Exercise brief
From the listing, collect all lines containing the word "sqrt".

Input
text \<open>For large \<open>\<gamma>\<close> the weight concentrates near the floor, where \<open>S\<close> has positive
  mass below height \<open>u / 4\<close>; everything above height \<open>u\<close> is controlled by the first
  moment at \<open>\<gamma> = 1\<close>.\<close>

lemma mean_height_below:
  assumes u: "u > 0"
  obtains \<gamma> where "\<gamma> > 0" "mean_height S \<gamma> < u"
proof -
  define A where "A = S \<inter> UNIV \<times> {..u / 4}"
  define mA where "mA = measure lborel A"
  define C where "C = vertical_moment S 1 1"
  define K where "K = 3 * u / 4 * mA"
  define \<gamma> where "\<gamma> = max 1 (4 / (3 * u) * (u + ln ((C + 1) / K)))"
  have A_borel [measurable]: "A \<in> sets borel"
    unfolding A_def by (intro sets.Int Times_in_sets_borel) auto
  have "A \<subseteq> D \<times> {0..u / 4}" using S_subset by (auto simp: A_def)
  then have "emeasure lborel A \<le> emeasure lborel (D \<times> {0..u / 4})"
    by (intro emeasure_mono) (auto simp: Times_in_sets_borel)
  also have "\<dots> < \<infinity>"
    using D_finite u by (simp add: emeasure_lborel_Times ennreal_mult_less_top)
  finally have A_finite: "emeasure lborel A < \<infinity>" .
  have mA: "mA > 0"
    using bottom_pos[of "u / 4"] u A_finite by (simp add: mA_def A_def emeasure_eq_ennreal_measure)
  have C: "C \<ge> 0" by (simp add: C_def vertical_moment_nonneg)
  have K: "K > 0" using u mA by (simp add: K_def)
  have \<gamma>: "1 \<le> \<gamma>" by (simp add: \<gamma>_def)
  then have \<gamma>_pos: "0 < \<gamma>" by simp
  have small: "exp (u - 3 * u / 4 * \<gamma>) * C < K"
  proof -
    have "3 * u / 4 * (4 / (3 * u) * (u + ln ((C + 1) / K))) \<le> 3 * u / 4 * \<gamma>"
      using u by (intro mult_left_mono) (auto simp: \<gamma>_def)
    then have "u + ln ((C + 1) / K) \<le> 3 * u / 4 * \<gamma>"
      using u by simp
    moreover have "ln ((C + 1) / K) = - ln (K / (C + 1))"
      using C K by (simp add: ln_div)
    ultimately have "exp (u - 3 * u / 4 * \<gamma>) \<le> exp (ln (K / (C + 1)))"
      by simp
    also have "\<dots> = K / (C + 1)" using C K by simp
    finally have "exp (u - 3 * u / 4 * \<gamma>) \<le> K / (C + 1)" .
    then have "exp (u - 3 * u / 4 * \<gamma>) * C \<le> K / (C + 1) * C"
      using C by (rule mult_right_mono)
    also have "\<dots> < K" using C K by (simp add: field_simps)
    finally show ?thesis .
  qed
  have upper: "indicator S p * ((snd p - u) * exp (- \<gamma> * snd p))
                 \<le> - (3 * u / 4) * exp (- \<gamma> * (u / 4)) * indicator A p
                    + exp (- (\<gamma> - 1) * u) * moment_density S 1 1 p" for p
  proof (cases "p \<in> S")
    case False
    then show ?thesis by (simp add: A_def moment_density_def)
  next
    case True
    then obtain x r where p: "p = (x, r)" and r: "0 \<le> r"
      using S_subset by (cases p) auto
    have tail_nonneg: "0 \<le> exp (- (\<gamma> - 1) * u) * moment_density S 1 1 p"
      using True r by (simp add: moment_density_def p)
    consider "r \<le> u / 4" | "u / 4 < r" "r \<le> u" | "u < r" by fastforce
    then show ?thesis
    proof cases
      case 1
      have "(r - u) * exp (- \<gamma> * r) \<le> - (3 * u / 4) * exp (- \<gamma> * r)"
        using 1 by (intro mult_right_mono) auto
      also have "\<dots> \<le> - (3 * u / 4) * exp (- \<gamma> * (u / 4))"
        using 1 u \<gamma> by (intro mult_left_mono_neg) auto
      finally show ?thesis using 1 True tail_nonneg by (simp add: p A_def)
    next
      case 2
      then have "(r - u) * exp (- \<gamma> * r) \<le> 0" by (simp add: mult_nonpos_nonneg)
      then show ?thesis using 2 True tail_nonneg u by (simp add: p A_def)
    next
      case 3
      have "(r - u) * exp (- \<gamma> * r) \<le> r * exp (- r) * exp (- (\<gamma> - 1) * r)"
        using u r by (simp add: mult_right_mono algebra_simps flip: exp_add)
      also have "\<dots> \<le> r * exp (- r) * exp (- (\<gamma> - 1) * u)"
        using 3 \<gamma> r by (intro mult_left_mono) (auto intro: mult_left_mono_neg)
      finally show ?thesis using 3 True u by (simp add: p A_def moment_density_def mult_ac)
    qed
  qed
  have "vertical_moment S 1 \<gamma> - u * vertical_moment S 0 \<gamma>
          \<le> (\<integral>p. - (3 * u / 4) * exp (- \<gamma> * (u / 4)) * indicator A p
                 + exp (- (\<gamma> - 1) * u) * moment_density S 1 1 p \<partial>lborel)"
    unfolding vertical_moment_centered[OF \<gamma>_pos]
  proof (rule integral_mono)
    show "integrable lborel (\<lambda>p. indicator S p * ((snd p - u) * exp (- \<gamma> * snd p)))"
      using \<gamma>_pos by (rule integrable_centered_density)
    show "integrable lborel (\<lambda>p. - (3 * u / 4) * exp (- \<gamma> * (u / 4)) * indicator A p
                                 + exp (- (\<gamma> - 1) * u) * moment_density S 1 1 p)"
      using A_finite integrable_moment_density[of 1 1] by simp
  qed (rule upper)
  also have "\<dots> = - (3 * u / 4) * exp (- \<gamma> * (u / 4)) * mA + exp (- (\<gamma> - 1) * u) * C"
    using A_finite integrable_moment_density[of 1 1]
    by (simp add: mA_def C_def vertical_moment_def)
  also have "\<dots> = exp (- \<gamma> * (u / 4)) * (exp (u - 3 * u / 4 * \<gamma>) * C - K)"
    by (simp add: K_def algebra_simps flip: exp_add)
  also have "\<dots> < 0" using small by (simp add: mult_pos_neg)
  finally have "mean_height S \<gamma> < u"
    using mean_height_less_iff[OF \<gamma>_pos] by simp
  with \<gamma>_pos show ?thesis by (rule that)
qed

lemma mean_height_eq_unique:
  assumes "u > 0"
  shows "\<exists>!\<gamma>. \<gamma> > 0 \<and> u = mean_height S \<gamma>"
proof (rule ex_ex1I)
  obtain \<gamma>\<^sub>1 where \<gamma>\<^sub>1: "\<gamma>\<^sub>1 > 0" "u < mean_height S \<gamma>\<^sub>1"
    using mean_height_exceeds[OF assms] .
  obtain \<gamma>\<^sub>2 where \<gamma>\<^sub>2: "\<gamma>\<^sub>2 > 0" "mean_height S \<gamma>\<^sub>2 < u"
    using mean_height_below[OF assms] .
  have "\<gamma>\<^sub>1 \<le> \<gamma>\<^sub>2"
    using mean_height_strict_antimono[of \<gamma>\<^sub>2 \<gamma>\<^sub>1] \<gamma>\<^sub>1 \<gamma>\<^sub>2 by force
  moreover have "continuous_on {\<gamma>\<^sub>1..\<gamma>\<^sub>2} (mean_height S)"
    using mean_height_continuous_on[OF \<gamma>\<^sub>1(1)] by (rule continuous_on_subset) auto
  ultimately obtain \<gamma> where "\<gamma>\<^sub>1 \<le> \<gamma>" "mean_height S \<gamma> = u"
    using IVT2'[of "mean_height S" \<gamma>\<^sub>2 u \<gamma>\<^sub>1] \<gamma>\<^sub>1 \<gamma>\<^sub>2 by force
  then show "\<exists>\<gamma>. \<gamma> > 0 \<and> u = mean_height S \<gamma>"
    using \<gamma>\<^sub>1 by (intro exI[of _ \<gamma>]) auto
next
  fix \<gamma> \<gamma>' assume "\<gamma> > 0 \<and> u = mean_height S \<gamma>" "\<gamma>' > 0 \<and> u = mean_height S \<gamma>'"
  then show "\<gamma> = \<gamma>'"
    using mean_height_strict_antimono[of \<gamma> \<gamma>'] mean_height_strict_antimono[of \<gamma>' \<gamma>]
    by (cases \<gamma> \<gamma>' rule: linorder_cases) auto
qed

end

lemma hk_eq_vertical_moment:
  "hk Db R xt k \<gamma> y = \<gamma> * vertical_moment (cyl Db - ball (xt, y) R) k \<gamma>"
proof -
  have "hk Db R xt k \<gamma> y = (\<integral>p. moment_density (cyl Db - ball (xt, y) R) k \<gamma> p * \<gamma> \<partial>lborel)"
    unfolding hk_def set_lebesgue_integral_def
    by (intro Bochner_Integration.integral_cong) (auto simp: moment_density_def split_beta)
  then show ?thesis by (simp add: vertical_moment_def mult.commute)
qed

lemma uu_eq_mean_height:
  "\<gamma> \<noteq> 0 \<Longrightarrow> uu Db R xt \<gamma> y = mean_height (cyl Db - ball (xt, y) R) \<gamma>"
  by (simp add: uu_def mean_height_def hk_eq_vertical_moment)

lemma ball_subset_of_mem_Db':
  assumes "R > 0" "xt \<in> Db' Db R"
  shows "ball xt R \<subseteq> Db"
proof
  fix x assume "x \<in> ball xt R"
  then have "(x, R + 1) \<in> ball (xt, R + 1) R" by (simp add: dist_Pair_Pair)
  moreover have "ball (xt, R + 1) R \<subseteq> cyl Db" using assms by (auto simp: Db'_def)
  ultimately show "x \<in> Db" by (auto simp: cyl_def)
qed

lemma annulus_layer_subset_cyl_minus_ball:
  assumes "ball xt R \<subseteq> Db" "R \<le> y" "0 \<le> \<epsilon>" "\<epsilon> \<le> R"
  shows "(ball xt R - cball xt (sqrt (2 * R * \<epsilon>))) \<times> {0..\<epsilon>} \<subseteq> cyl Db - ball (xt, y) R"
proof clarify
  fix x r assume x: "x \<in> ball xt R" "x \<notin> cball xt (sqrt (2 * R * \<epsilon>))" and r: "r \<in> {0..\<epsilon>}"
  have "(sqrt (2 * R * \<epsilon>))\<^sup>2 \<le> (dist xt x)\<^sup>2"
    using x assms by (intro power_mono) auto
  then have "2 * R * \<epsilon> \<le> (dist xt x)\<^sup>2"
    using assms by simp
  moreover have "(R - \<epsilon>)\<^sup>2 \<le> (dist y r)\<^sup>2"
    using r assms by (simp add: dist_real_def power_mono)
  ultimately have "R\<^sup>2 \<le> (dist (xt, y) (x, r))\<^sup>2"
    using assms mult_nonneg_nonneg[of \<epsilon> \<epsilon>]
    by (simp add: dist_Pair_Pair power2_eq_square algebra_simps; linarith)
  then have "R \<le> dist (xt, y) (x, r)"
    using assms by (simp add: power2_le_iff_abs_le)
  then show "(x, r) \<in> cyl Db - ball (xt, y) R"
    using x r assms by (auto simp: cyl_def)
qed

Response to the exercise
  shows "(ball xt R - cball xt (sqrt (2 * R * \<epsilon>))) \<times> {0..\<epsilon>} \<subseteq> cyl Db - ball (xt, y) R"
  fix x r assume x: "x \<in> ball xt R" "x \<notin> cball xt (sqrt (2 * R * \<epsilon>))" and r: "r \<in> {0..\<epsilon>}"
  have "(sqrt (2 * R * \<epsilon>))\<^sup>2 \<le> (dist xt x)\<^sup>2"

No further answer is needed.